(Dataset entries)

● ● ●

(* Let $\mathcal{I}\subseteq\mathcal{M}_m$ be decreasing, $f\in\mathcal{M}_m\setminus\mathcal{I}$, $h\mid f$ with $\operatorname{ind}(f/h)=\{i_1<\dots<i_\mu\}$. If $|J^{\mathcal{I}}_f(i_j)|>j-1$ for all $j\in\{1,\dots,\mu\}$, then $$\Bigl|\mathrm{LTA}(m,2)^{f,\mathcal{I}}_f\cdot\tfrac fh\Bigr|=2^{\deg(f/h)}\prod_{j=1}^{\deg(f/h)}\Bigl(2^{|J^{\mathcal{I}}_f(i_j)|}-2^{j-1}\Bigr).$$
   Context: $\mathcal{M}_m$: square-free monomials in $x_0,\dots,x_{m-1}$ over $\mathbb{F}_2$; $\operatorname{ind}(u)$ the variable indices of $u$, $\deg u=|\operatorname{ind} u|$; $x_jf/x_i$ denotes $f$ with $x_i$ replaced by $x_j$. Decreasing: for equal-degree monomials with increasing indices, $u\preceq_{sh}v$ iff componentwise $\le$; $u\preceq v$ iff $u\preceq_{sh}v^*\mid v$ for some $v^*$; $\mathcal{I}$ decreasing if $f\in\mathcal{I}$, $g\preceq f\Rightarrow g\in\mathcal{I}$. $J_f^{\mathcal{I}}(i)=\{j\in[0,i): j\notin\operatorname{ind}(f),\ x_jf/x_i\in\mathcal{I}\}$. $\mathrm{LTA}(m,2)$: pairs $(\mathbf{B},\varepsilon)$, $\mathbf{B}=(b_{i,j})$ binary lower unitriangular $m\times m$, $\varepsilon\in\mathbb{F}_2^m$, acting on a monomial $u$ by $x_i\mapsto x_i+\sum_{j<i}b_{i,j}x_j+\varepsilon_i$, $i\in\operatorname{ind}u$. $\mathrm{LTA}(m,2)_f$: subgroup with $\varepsilon_i=0$ for $i\notin\operatorname{ind} f$, $b_{i,j}=0$ if $i\notin\operatorname{ind}f$ or $j\in\operatorname{ind}f$. $\mathrm{LTA}(m,2)^{f,\mathcal{I}}_f\cdot\frac fh$ is the set of polynomials $(\mathbf{B},\varepsilon)\cdot\frac fh$ with $(\mathbf{B},\varepsilon)\in\mathrm{LTA}(m,2)_f$ such that $b_{i,j}=0$ for $i\in\operatorname{ind}(f/h)$, $j<i$, $j\notin J^{\mathcal{I}}_f(i)$, and the submatrix of $\mathbf{B}$ with rows $\operatorname{ind}(f/h)$ and columns $J^{\mathcal{I}}_f(i_\mu)$ has rank $\mu$. *)

theory Defs
  imports Main
begin

text \<open>Square-free monomials in x_0..x_{m-1} are represented by their index sets
  ind(u), i.e. finite subsets of {0..<m}.  Polynomials over F_2 are represented
  by their evaluation functions (F_2^m -> F_2), with F_2 = bool, + = xor, * = and.\<close>

definition monomials :: "nat \<Rightarrow> nat set set" where
  "monomials m = {u. u \<subseteq> {0..<m}}"

definition sh_le :: "nat set \<Rightarrow> nat set \<Rightarrow> bool" where
  "sh_le u v \<longleftrightarrow> finite u \<and> finite v \<and> card u = card v \<and>
     (\<forall>k < card u. sorted_list_of_set u ! k \<le> sorted_list_of_set v ! k)"

definition mono_le :: "nat set \<Rightarrow> nat set \<Rightarrow> bool" where
  "mono_le u v \<longleftrightarrow> (\<exists>vs. vs \<subseteq> v \<and> sh_le u vs)"

definition decreasing :: "nat \<Rightarrow> nat set set \<Rightarrow> bool" where
  "decreasing m I \<longleftrightarrow> I \<subseteq> monomials m \<and> (\<forall>f\<in>I. \<forall>g. mono_le g f \<longrightarrow> g \<in> I)"

definition Jset :: "nat set set \<Rightarrow> nat set \<Rightarrow> nat \<Rightarrow> nat set" where
  "Jset I f i = {j. j < i \<and> j \<notin> f \<and> insert j (f - {i}) \<in> I}"

text \<open>Action of (B, eps) on a monomial u: the product over i in ind u of
  x_i + sum_{j<i} b_{i,j} x_j + eps_i, as a function of x \<in> F_2^m.\<close>
definition aff_form :: "(nat \<Rightarrow> nat \<Rightarrow> bool) \<Rightarrow> (nat \<Rightarrow> bool) \<Rightarrow> nat \<Rightarrow> (nat \<Rightarrow> bool) \<Rightarrow> bool" where
  "aff_form B eps i x = ((x i \<noteq> odd (card {j. j < i \<and> B i j \<and> x j})) \<noteq> eps i)"

definition act :: "(nat \<Rightarrow> nat \<Rightarrow> bool) \<Rightarrow> (nat \<Rightarrow> bool) \<Rightarrow> nat set \<Rightarrow> ((nat \<Rightarrow> bool) \<Rightarrow> bool)" where
  "act B eps u = (\<lambda>x. \<forall>i\<in>u. aff_form B eps i x)"

definition gf2_rows_indep :: "(nat \<Rightarrow> nat \<Rightarrow> bool) \<Rightarrow> nat set \<Rightarrow> nat set \<Rightarrow> bool" where
  "gf2_rows_indep B C S \<longleftrightarrow>
     (\<forall>T. T \<subseteq> S \<longrightarrow> T \<noteq> {} \<longrightarrow> (\<exists>c\<in>C. odd (card {r\<in>T. B r c})))"

definition gf2_rank :: "(nat \<Rightarrow> nat \<Rightarrow> bool) \<Rightarrow> nat set \<Rightarrow> nat set \<Rightarrow> nat" where
  "gf2_rank B R C = Max {card S | S. S \<subseteq> R \<and> gf2_rows_indep B C S}"

text \<open>Elements of LTA(m,2): B is binary lower unitriangular m x m, stored by its
  strictly lower part (b_{i,j} for j < i < m), eps \<in> F_2^m.\<close>
definition LTA :: "nat \<Rightarrow> ((nat \<Rightarrow> nat \<Rightarrow> bool) \<times> (nat \<Rightarrow> bool)) set" where
  "LTA m = {(B, eps). (\<forall>i j. B i j \<longrightarrow> j < i \<and> i < m) \<and> (\<forall>i. eps i \<longrightarrow> i < m)}"

definition LTA_f :: "nat \<Rightarrow> nat set \<Rightarrow> ((nat \<Rightarrow> nat \<Rightarrow> bool) \<times> (nat \<Rightarrow> bool)) set" where
  "LTA_f m f = {(B, eps) \<in> LTA m. (\<forall>i. i \<notin> f \<longrightarrow> \<not> eps i) \<and>
       (\<forall>i j. (i \<notin> f \<or> j \<in> f) \<longrightarrow> \<not> B i j)}"

definition LTA_orbit :: "nat \<Rightarrow> nat set set \<Rightarrow> nat set \<Rightarrow> nat set \<Rightarrow> ((nat \<Rightarrow> bool) \<Rightarrow> bool) set" where
  "LTA_orbit m I f h =
     {act B eps (f - h) | B eps. (B, eps) \<in> LTA_f m f \<and>
        (\<forall>i\<in>f - h. \<forall>j<i. j \<notin> Jset I f i \<longrightarrow> \<not> B i j) \<and>
        gf2_rank B (f - h) (if f - h = {} then {} else Jset I f (Max (f - h))) = card (f - h)}"

end

theory Submission
  imports Defs
begin

text \<open>The orbit is parametrised bijectively by the pairs \<open>(B, \<epsilon>)\<close> with \<open>\<epsilon>\<close> supported on
  \<open>ind(f/h)\<close> and \<open>B\<close> having its rows in \<open>ind(f/h)\<close>, row \<open>i\<close> supported in \<open>J(i)\<close>, and
  these rows independent: the product of the affine forms determines them, because the forms
  are triangular in their pivot variables and only involve further variables outside
  \<open>ind(f/h)\<close>. Since \<open>I\<close> is decreasing, \<open>J(i\<^sub>1) \<subseteq> \<dots> \<subseteq> J(i\<^sub>\<mu>)\<close>, so choosing the rows in
  order, row \<open>i\<^sub>j\<close> is any vector of \<open>F\<^sub>2\<^bsup>J(i\<^sub>j)\<^esup>\<close> outside the \<open>2\<^bsup>j-1\<^esup>\<close>-element span of
  the previous ones, and \<open>\<epsilon>\<close> contributes the factor \<open>2\<^bsup>deg(f/h)\<^esup>\<close>.\<close>

text \<open>Vectors over \<open>F\<^sub>2\<close> are sets of column indices; this is the sum of the rows \<open>T\<close> of \<open>B\<close>.\<close>
definition gf2_row_sum :: "(nat \<Rightarrow> nat \<Rightarrow> bool) \<Rightarrow> nat set \<Rightarrow> nat set" where
  "gf2_row_sum B T = {c. odd (card {r\<in>T. B r c})}"

lemma odd_card_sym_diff:
  assumes "finite A" "finite B"
  shows "odd (card (sym_diff A B)) \<longleftrightarrow> odd (card A) \<noteq> odd (card B)"
proof -
  have "card (sym_diff A B) = card (A - B) + card (B - A)"
    using assms by (intro card_Un_disjoint) auto
  moreover have "card A = card (A - B) + card (A \<inter> B)" "card B = card (B - A) + card (A \<inter> B)"
    using assms by (metis Int_commute add.commute card_Int_Diff)+
  ultimately show ?thesis by presburger
qed

lemma gf2_rows_indep_iff_row_sum:
  "gf2_rows_indep B C S \<longleftrightarrow> (\<forall>T\<subseteq>S. T \<noteq> {} \<longrightarrow> gf2_row_sum B T \<inter> C \<noteq> {})"
  unfolding gf2_rows_indep_def gf2_row_sum_def by auto

lemma gf2_row_sum_cong:
  assumes "\<And>r. r \<in> T \<Longrightarrow> B' r = B r"
  shows "gf2_row_sum B' T = gf2_row_sum B T"
proof -
  have "{r\<in>T. B' r c} = {r\<in>T. B r c}" for c using assms by auto
  then show ?thesis unfolding gf2_row_sum_def by simp
qed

● ● ●

- [ABOUT THIS EXERCISE]
Tally the lines of the records that contain the word "finite", then give only the tally.

- [ANSWER SECTION]
3